Top
 

RPPEG dan Langkah Menuju Pelestarian Gambut di Kabupaten Kubu Raya

Apa itu RPPEG?

  • Rencana Perlindungan dan Pengelolaan Ekosistem Gambut atau RPPEG adalah sebuah dokumen perencanaan tertulis yang memuat potensi, masalah ekosistem gambut, serta upaya perlindungan dan pengelolaannya dalam kurun waktu tertentu. RPPEG merupakan sebuah upaya corrective action dalam pengelolaan ekosistem gambut (http://pkgppkl.menlhk.go.id/v0).
  • Perlindungan dan Pengelolaan Ekosistem Gambut adalah upaya sistematis dan terpadu yang dilakukan untuk melestarikan Fungsi Ekosistem Gambut dan mencegah terjadinya kerusakan ekosistem gambut yang meliputi perencanaan, pemanfaatan, pengendalian, pemeliharaan, pengawasan dan penegakan hukum (PP. Nomor 71 Tahun 2014, pasal 1).
  • RPPEG merupakan amanat Peraturan Pemerintah (PP) Republik Indonesia Nomor 71 Tahun 2014 sebagaimana telah diubah dengan PP Nomor 57 Tahun 2016 tentang Perlindungan dan Pengelolaan Ekosistem Gambut. PP tersebut memberikan mandat kepada Menteri, Gubernur, dan Bupati/Walikota untuk menyusun dan menetapkan RPPEG sesuai kewenangannya. Meliputi RPPEG nasional oleh Menteri, RPPEG Provinsi oleh Gubernur, dan RPPEG kabupaten/kota oleh Bupati/ Walikota.
  • Penyusunan dokumen RPPEG memuat rencana jangka panjang pengelolaan dan perlindungan lahan gambut untuk 30 tahun ke depan yaitu 2020 – 2049, dengan mengacu pada Kepmen LHK No. 246 Tahun 2020 tentang Rencana Perlindungan Ekosistem Gambut (RPPEG) Nasional Tahun 2020- 2049.
  • Dokumen RPPEG berisi analisa dan rekomendasi terhadap berbagai bentuk pengelolaan ekosistem gambut ideal, yang kemudian dirangkum dalam dokumen rencana perlindungan dan pengelolaan ekosistem gambut tingkat provinsi dan kabupaten.

Mengapa diperlukan?

  • RPPEG diharapkan mampu mencegah terjadinya kerusakan ekosistem gambut melalui tata kelola ekosistem gambut yang baik.
  • Dokumen RPPEG merupakan upaya perlindungan awal lahan gambut dari kerusakan, dan degradasi lahan. Ketika lahan gambut tropis dikeringkan akan terjadi penurunan lima sentimeter profil per tahun dan regenerasi akan terjadi luar biasa lambat, dengan laju satu atau dua milimeter per tahun.
  • Dokumen RPPEG memuat rencana jangka panjang pengelolaan dan perlindungan lahan gambut untuk 30 tahun ke depan. Oleh karena  itu, proses penyusunannya harus komprehensif dan teliti, serta melibatkan multi pihak dari level kabupaten, provinsi hingga level nasional.
  • Materi dan muatan RPPEG mencakup pemanfaatan Ekosistem Gambut, pengendalian Ekosistem Gambut, pemeliharaan Ekosistem Gambut, serta adaptasi dan mitigasi terhadap perubahan iklim.
Gambar 1. Peta Sebaran Gambut Kabupaten Kubu Raya, Kalimantan Barat: Fungsi Ekosistem Gambut dan Sebaran Ketebalan Gambut

Apa pentingnya untuk Kalimantan Barat, khususnya Kabupaten Kubu Raya?
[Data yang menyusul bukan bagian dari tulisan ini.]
lemma bridge_potential_unnormalized_le:
  assumes dens: "subordinator_density M X p"
    and pm[measurable]: "(\<lambda>(t, w). p t w) \<in> borel_measurable (lborel \<Otimes>\<^sub>M lborel)"
    and q[measurable]: "q \<in> borel_measurable lborel"
    and "s < t" "x < y"
  shows "(\<integral>\<^sup>+u. indicator {s<..<t} u *
            (\<integral>\<^sup>+z. ennreal (p (u - s) (z - x)) * ennreal (p (t - u) (y - z)) * q z \<partial>lborel) \<partial>lborel)
    \<le> ennreal (p (t - s) (y - x)) * bridge_potential p q s t x y"
proof -
  define D where "D = p (t - s) (y - x)"
  have D: "0 < D" and "trans_dens p s x t y = D"
    using assms(4,5) subordinator_density_pos[OF dens] by (auto simp: D_def trans_dens_def)
  have "ennreal (p (u - s) (z - x)) * ennreal (p (t - u) (y - z)) * q z
      = ennreal D * (ennreal (trans_dens p s x u z * trans_dens p u z t y / trans_dens p s x t y) * q z)"
    if "u \<in> {s<..<t}" for u z
  proof -
    have "0 \<le> p (u - s) (z - x) * p (t - u) (y - z)"
      using that subordinator_density_nonneg[OF dens] by auto
    then have "ennreal (p (u - s) (z - x) * p (t - u) (y - z))
        = ennreal D * ennreal (p (u - s) (z - x) * p (t - u) (y - z) / D)"
      using D by (simp add: ennreal_mult[symmetric])
    then show ?thesis
      using that subordinator_density_nonneg[OF dens, of _ "z - x"] subordinator_density_nonneg[OF dens, of _ "y - z"]
        \<open>trans_dens p s x t y = D\<close>
      by (simp add: trans_dens_eq[OF dens] ennreal_mult mult.assoc)
  qed
  then have "(\<integral>\<^sup>+u. indicator {s<..<t} u *
            (\<integral>\<^sup>+z. ennreal (p (u - s) (z - x)) * ennreal (p (t - u) (y - z)) * q z \<partial>lborel) \<partial>lborel)
    = (\<integral>\<^sup>+u. ennreal D * (indicator {s<..<t} u *
            (\<integral>\<^sup>+z. ennreal (trans_dens p s x u z * trans_dens p u z t y / trans_dens p s x t y) * q z \<partial>lborel)) \<partial>lborel)"
    by (intro nn_integral_cong) (auto simp: indicator_def nn_integral_cmult trans_dens_def)
  also have "\<dots> \<le> (\<integral>\<^sup>+u. ennreal D * (indicator {s..t} u *
            (\<integral>\<^sup>+z. ennreal (trans_dens p s x u z * trans_dens p u z t y / trans_dens p s x t y) * q z \<partial>lborel)) \<partial>lborel)"
    by (intro nn_integral_mono mult_left_mono) (auto simp: indicator_def)
  also have "\<dots> = ennreal D * bridge_potential p q s t x y"
    unfolding bridge_potential_def by (rule nn_integral_cmult) (simp add: trans_dens_def)
  finally show ?thesis
    by (simp add: D_def)
qed
(* Let $n\ge1$ and let $\lambda$ be a partition of $n$. The state-space complexity of $\mathcal{L}(\lambda)$ is at most $n+1$ and that of $\mathcal{D}(\lambda)$ is at most $n$ (both attained for $\lambda=(n)$). Moreover there is an absolute constant $C>0$ such that the state-space complexity of each of $\mathcal{L}(\lambda)$ and $\mathcal{D}(\lambda)$ is at least $C\sqrt{n}$.
   Context: A partition of $n$ is a non-increasing sequence $\lambda=(\lambda_1,\dots,\lambda_r)$ of positive integers with sum $n$; $()$ is the empty partition. For non-negative $i,j$, $\lambda[i,j]$ is $(\lambda_{i+1}-j,\dots,\lambda_r-j)$ with all non-positive entries removed. LCTR: positions $\mathcal{L}(\mu)$; if $\mu\neq()$ the two moves go to $\mathcal{L}(\mu[1,0])$ and $\mathcal{L}(\mu[0,1])$; $\mathcal{L}(())$ is terminal. Downright: positions $\mathcal{D}(\mu)$, $\mu$ nonempty with $s$ parts; a move to $\mathcal{D}(\mu[1,0])$ exists iff $s>1$, a move to $\mathcal{D}(\mu[0,1])$ exists iff $\mu_1>1$. The game tree of a position $p$ is the rooted tree with root $p$ in which each move gives a child, the root of the game tree of the resulting position. Two positions are called distinct if their game trees are not isomorphic as rooted trees. The state-space complexity of a game started at $p$ is the number of pairwise distinct positions reachable from $p$ by zero or more moves. *)

theory Defs
  imports Complex_Main "HOL-Library.Multiset"
begin

definition is_partition :: "nat list \<Rightarrow> nat \<Rightarrow> bool" where
  "is_partition lam n \<longleftrightarrow> sorted_wrt (\<ge>) lam \<and> (\<forall>x\<in>set lam. 0 < x) \<and> sum_list lam = n"

text \<open>lam[i,j] = (lam_{i+1}-j, ..., lam_r - j) with non-positive entries removed.\<close>
definition shift :: "nat list \<Rightarrow> nat \<Rightarrow> nat \<Rightarrow> nat list" where
  "shift lam i j = filter (\<lambda>x. 0 < x) (map (\<lambda>x. x - j) (drop i lam))"

text \<open>Rooted unordered trees, up to isomorphism: children form a multiset.
  Two rooted trees are isomorphic iff their representations are equal.\<close>
datatype gtree = GNode "gtree multiset"
(* Let $\mathcal P_2$ be an $\varepsilon$-additive-approximate short path between nodes $u_0$ and $u_1$, and suppose there is a node $v$ on a shortest path between $u_0$ and $u_1$ such that $\min_{v'\in\mathcal P_2}d_{v,v'}\ge\gamma$. Then, with $\delta=\delta_{\mathrm{worst}}(G)$, $$\varepsilon>\frac{2^{\gamma/(6\delta+1)}}{48\delta+\frac{17}{2}}-\log_2(48\delta+8).$$
   Context: $G=(V,E)$ is a finite connected undirected graph with $n\ge 4$ nodes and $d_{u,v}$ denotes the shortest-path distance (number of edges). For any four nodes $w_1,\dots,w_4$, order the three sums $d_{w_1,w_2}+d_{w_3,w_4}$, $d_{w_1,w_3}+d_{w_2,w_4}$, $d_{w_1,w_4}+d_{w_2,w_3}$ as $S\le M\le L$ and set $\delta_{w_1,w_2,w_3,w_4}=(L-M)/2$; $\delta_{\mathrm{worst}}(G)=\max\delta_{w_1,w_2,w_3,w_4}$. A path $(w_0,\dots,w_k)$ is $\varepsilon$-additive-approximate short if its length (number of edges) is at most $d_{w_0,w_k}+\varepsilon$. *)

theory Defs
  imports Complex_Main
begin

definition is_walk :: "'a set \<Rightarrow> ('a \<Rightarrow> 'a \<Rightarrow> bool) \<Rightarrow> 'a list \<Rightarrow> bool" where
  "is_walk V E p \<longleftrightarrow> p \<noteq> [] \<and> set p \<subseteq> V \<and>
     (\<forall>i. Suc i < length p \<longrightarrow> E (p ! i) (p ! Suc i))"

definition is_path :: "'a set \<Rightarrow> ('a \<Rightarrow> 'a \<Rightarrow> bool) \<Rightarrow> 'a list \<Rightarrow> bool" where
  "is_path V E p \<longleftrightarrow> is_walk V E p \<and> distinct p"

definition plen :: "'a list \<Rightarrow> nat" where
  "plen p = length p - 1"

definition path_between :: "'a set \<Rightarrow> ('a \<Rightarrow> 'a \<Rightarrow> bool) \<Rightarrow> 'a list \<Rightarrow> 'a \<Rightarrow> 'a \<Rightarrow> bool" where
  "path_between V E p u v \<longleftrightarrow> is_path V E p \<and> hd p = u \<and> last p = v"
(* Consider the $r$-cGA (without frequency borders) maximizing \textit{G}-OneMax on $\{0,\dots,r-1\}^n$, and suppose that at some time the frequency $p^{(t)}_{i,r-1}$ has reached a value of at least $k/r$, where $k>0$. Suppose $K\ge c\,r^2\sqrt{n}\log n$ for a sufficiently large constant $c$, and $K$ and $r$ are bounded by polynomials in $n$. Then, for a constant $c'>0$, the probability that $p^{(t)}_{i,r-1}$ drops below $k/r-1/(2r)$ within the next $T^{*}=c'Kr\sqrt{n}(\log r+\log n)$ iterations is at most $n^{-c''}$, where $c''\ge K/(288r^2\sqrt{n}\ln n)$.
   Context: Let $n\ge 1$, $r\ge 2$ be integers and $K>0$. \textit{G}-OneMax$(x)=\sum_{i=1}^n x_i$ for $x\in\{0,\dots,r-1\}^n$. The $r$-valued compact genetic algorithm ($r$-cGA) with parameter $K$ maintains frequencies $p^{(t)}_{i,j}$ for $i\in\{1,\dots,n\}$, $j\in\{0,\dots,r-1\}$, initially all $1/r$. In iteration $t$ it samples two strings $x,y$ independently, each position $i$ of each string taking value $j$ with probability $p^{(t)}_{i,j}$ independently of other positions; if $f(x)<f(y)$ then $x$ and $y$ are swapped; then for all $i,j$, $p^{(t+1)}_{i,j}=p^{(t)}_{i,j}+\frac1K(\mathbf 1[x_i=j]-\mathbf 1[y_i=j])$. Here $f$ is the function to be maximized. *)

theory Defs
  imports "HOL-Probability.Probability"
begin

text \<open>Positions are indexed 0..n-1 and values 0..r-1. A search point is a function
  nat => nat (only positions below n matter); a frequency state is
  p :: nat => nat => real, p i j = frequency of value j at position i.\<close>

definition gonemax :: "nat \<Rightarrow> (nat \<Rightarrow> nat) \<Rightarrow> real" where
  "gonemax n x = (\<Sum>i<n. real (x i))"

text \<open>Distribution of one position: value j with probability q j (j < r).
  If q is not a probability vector (cannot be sampled from), an arbitrary fallback is used.\<close>
definition pos_pmf :: "nat \<Rightarrow> (nat \<Rightarrow> real) \<Rightarrow> nat pmf" where
  "pos_pmf r q = (if (\<forall>j<r. 0 \<le> q j) \<and> (\<Sum>j<r. q j) = 1
                   then embed_pmf (\<lambda>j. if j < r then q j else 0) else return_pmf 0)"

definition sample_pmf :: "nat \<Rightarrow> nat \<Rightarrow> (nat \<Rightarrow> nat \<Rightarrow> real) \<Rightarrow> (nat \<Rightarrow> nat) pmf" where
  "sample_pmf n r p = Pi_pmf {..<n} 0 (\<lambda>i. pos_pmf r (p i))"

definition cga_step :: "nat \<Rightarrow> nat \<Rightarrow> real \<Rightarrow> ((nat \<Rightarrow> nat) \<Rightarrow> real)
    \<Rightarrow> (nat \<Rightarrow> nat \<Rightarrow> real) \<Rightarrow> (nat \<Rightarrow> nat \<Rightarrow> real) pmf" where
  "cga_step n r K f p =
     bind_pmf (sample_pmf n r p) (\<lambda>x0. bind_pmf (sample_pmf n r p) (\<lambda>y0.
       let x = (if f x0 < f y0 then y0 else x0);
           y = (if f x0 < f y0 then x0 else y0)
       in return_pmf (\<lambda>i j. p i j + ((if x i = j then 1 else 0) - (if y i = j then 1 else 0)) / K)))"

definition cga_init :: "nat \<Rightarrow> nat \<Rightarrow> nat \<Rightarrow> real" where
  "cga_init r = (\<lambda>i j. if j < r then 1 / real r else 0)"

fun cga_run :: "nat \<Rightarrow> nat \<Rightarrow> real \<Rightarrow> ((nat \<Rightarrow> nat) \<Rightarrow> real)
    \<Rightarrow> (nat \<Rightarrow> nat \<Rightarrow> real) \<Rightarrow> nat \<Rightarrow> (nat \<Rightarrow> nat \<Rightarrow> real) pmf" where
  "cga_run n r K f p 0 = return_pmf p"
| "cga_run n r K f p (Suc t) = bind_pmf (cga_run n r K f p t) (cga_step n r K f)"

fun cga_traj :: "nat \<Rightarrow> nat \<Rightarrow> real \<Rightarrow> ((nat \<Rightarrow> nat) \<Rightarrow> real)
    \<Rightarrow> (nat \<Rightarrow> nat \<Rightarrow> real) \<Rightarrow> nat \<Rightarrow> (nat \<Rightarrow> nat \<Rightarrow> real) list pmf" where
  "cga_traj n r K f p 0 = return_pmf [p]"
| "cga_traj n r K f p (Suc t) =
     bind_pmf (cga_traj n r K f p t) (\<lambda>ps. map_pmf (\<lambda>q. ps @ [q]) (cga_step n r K f (last ps)))"

end

theory Submission
  imports Defs
begin

text \<open>Fix the position i and let X be the frequency of value r - 1 there. With
  \<lambda> = 1 / (12 r sqrt n), the process exp (- \<lambda> K X) is a supermartingale. X changes in a step
  only if exactly one of the two offspring has value r - 1 at position i. Averaging over the
  exchange of the two offspring, the second-order term of the exponential is paid for by the
  selection bias towards r - 1; averaging over the exchange of the sums of the other positions
  shows that this bias is at least the probability that these sums tie. By Hoeffding's
  inequality the sum of the other positions falls into a window of width about 2 r sqrt n with
  probability at least 1/2, so by Cauchy-Schwarz the tie probability is at least \<lambda>. Markov's
  inequality and a union bound over the T + 1 time steps give the failure probability
  (T + 1) exp (- K / (24 r^2 sqrt n)), and K \<ge> c r^2 sqrt n ln n makes this smaller than the
  required power of n.\<close>

lemma pair_pmf_interchange:
  "map_pmf (\<lambda>((a, b), (c, d)). ((a, c), (b, d))) (pair_pmf (pair_pmf A B) (pair_pmf C D))
     = pair_pmf (pair_pmf A C) (pair_pmf B D)"
  unfolding pair_pmf_def map_pmf_def
  by (simp add: bind_assoc_pmf bind_return_pmf)
    (subst bind_commute_pmf, simp add: bind_assoc_pmf bind_return_pmf)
  • RPPEG diharapkan dapat menjamin kelestarian fungsi ekosistem gambut di Kalimantan Barat, khususnya di Kabupaten Kubu Raya, untuk sekarang dan masa yang akan datang.
  • Ekosistem Gambut di Provinsi Kalimantan Barat tersebar pada 124 Kesatuan Hidrologis Gambut (KHG) dengan luas yang cukup besar yaitu 2,8 juta hektar (ha). Kalimantan Barat merupakan provinsi dengan gambut terluas no.4 di Indonesia, setelah Papua, Riau, dan Kalimantan Tengah.
  • Berdasarkan fungsi peruntukannya lahan gambut di Kalimantan Barat dibedakan ke dalam lahan gambut dengan fungsi budidaya dan fungsi lindung. Dari 124 KHG yang ada di Kalimantan Barat luas lahan gambut dengan fungsi lindung adalah 210.997 ha (9%), sedangkan lahan gambut dengan fungsi budidaya seluas 2.033.323 (91%). Sementara itu, pada 16 KHG Prioritas di Provinsi Kalimantan Barat, terdiri dari ekosistem gambut dengan fungsi lindung seluas 107.794 ha (13%), kawasan budidaya 695.744 ha (87%). Kondisi ini mencerminkan bahwa dari segi tata kelola (kebijakan) ekosistem gambut di Provinsi Kalimantan Barat diarahkan untuk menunjang aktivitas ekonomi. Kebijakan ini mendorong peningkatan pemanfaatan lahan gambut secara intensif untuk usaha pertanian, kehutanan dan perkebunan, baik yang dilakukan oleh pemegang izin maupun oleh masyarakat.
  • Hutan rawa/gambut tersebar di 12 kabupaten/kota (dari 14 kabupaten/kota) yang ada di Provinsi Kalimantan. Tiga kabupaten yang mempunyai hutan rawa/gambut yang terluas adalah Kabupaten Kapuas Hulu seluas 379.909,69 ha (30.42 %), terluas kedua adalah Kabupaten Ketapang yaitu 304.865.39 ha (24.41%), dan terluas ketiga adalah Kabupaten Kubu Raya, dengan luasan 282.671,35 ha (22.64%). Karakteristik hutan rawa/ gambut yang terluas di Kabupaten Kubu Raya adalah hutan rawa/ gambut sekunder kerapatan tinggi, yaitu seluas 89.444,03 ha. Hal ini menunjukkan bahwa potensi gambut di Kabupaten Kubu Raya sangatlah besar.
  • Provinsi Kalimantan Barat merupakan provinsi dengan luas lahan terbakar cukup signifikan di tahun 2015, yaitu mencapai 167.691 ha, dengan area gambut terbakar seluas 74.858 ha. Sejumlah 29.083 ha gambut diantaranya berada di kawasan Hutan dan APL, dan 2.833 ha berada di kawasan konsesi/perizinan. Peristiwa kebakaran hutan dan lahan gambut ini menyebabkan Provinsi Kalimantan Barat sebagai salah satu provinsi yang menjadi target restorasi gambut dari pemerintah Indonesia melalui Badan Restorasi Gambut (BRG).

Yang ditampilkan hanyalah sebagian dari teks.